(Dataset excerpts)
------------------------------------------------------------------------

lemma cardano_depressed_cubic:
  fixes a k q :: real
  assumes "k^2 = a^2 - q^3"
  defines "z \<equiv> root 3 (a + k) + root 3 (a - k)"
  shows "z^3 - 3*q*z - 2*a = 0"
proof -
  define u v where "u = root 3 (a + k)" and "v = root 3 (a - k)"
  have u3: "u^3 = a + k" and v3: "v^3 = a - k"
    unfolding u_def v_def by (simp_all add: odd_real_root_pow)
  have "(a + k) * (a - k) = q^3" using assms(1) by algebra
  then have uv: "u * v = q"
    unfolding u_def v_def real_root_mult[symmetric] by (simp add: odd_real_root_power_cancel)
  have "z^3 = u^3 + v^3 + 3 * (u * v) * z" unfolding z_def u_def[symmetric] v_def[symmetric]
    by algebra
  then show ?thesis using u3 v3 uv by simp
qed

lemma K1_square:
  assumes "n \<ge> 15"
  shows "(K1 n)^2 = (K0 n)^2 - (192 * (real n)^2 + 256)^3"
proof -
  define t where "t = real n - 15"
  have t: "t \<ge> 0" and xt: "real n = t + 15" using assms by (simp_all add: t_def)
  have "(2 * K0 n)^2 - 4 * (192 * (real n)^2 + 256)^3
     = 10214160759983817 + 10585461850409628*t + 4894534148604354*t^2 + 1347076448060364*t^3
       + 246965545626615*t^4 + 31863611628216*t^5 + 2971699904988*t^6 + 202081266936*t^7
       + 9951685191*t^8 + 346289580*t^9 + 8084610*t^10 + 113724*t^11 + 729*t^12"
    unfolding K0_def Let_def xt by algebra
  also have "\<dots> \<ge> 0" using t by simp
  finally show ?thesis unfolding K1_def Let_def by (simp add: power_divide)
qed

text \<open>Substituting \<open>z = 3 s - 3 n\<^sup>2 - 32\<close> turns \<open>-27 jl_cubic n s\<close> into the depressed cubic
  solved by Cardano's formula in \<open>pJL\<close>; the square root there is \<open>sqrt 3\<close> times the
  square root of this root.\<close>
definition jl_root :: "nat \<Rightarrow> real" where
  "jl_root n = (root 3 (K0 n + K1 n) + root 3 (K0 n - K1 n) + 3 * (real n)^2 + 32) / 3"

------------------------------------------------------------------------

TASK BRIEF: Wherever the string "assms" occurs in the records above, copy that line.

WRITTEN SOLUTION:
  have "(a + k) * (a - k) = q^3" using assms(1) by algebra
  have t: "t \<ge> 0" and xt: "real n = t + 15" using assms by (simp_all add: t_def)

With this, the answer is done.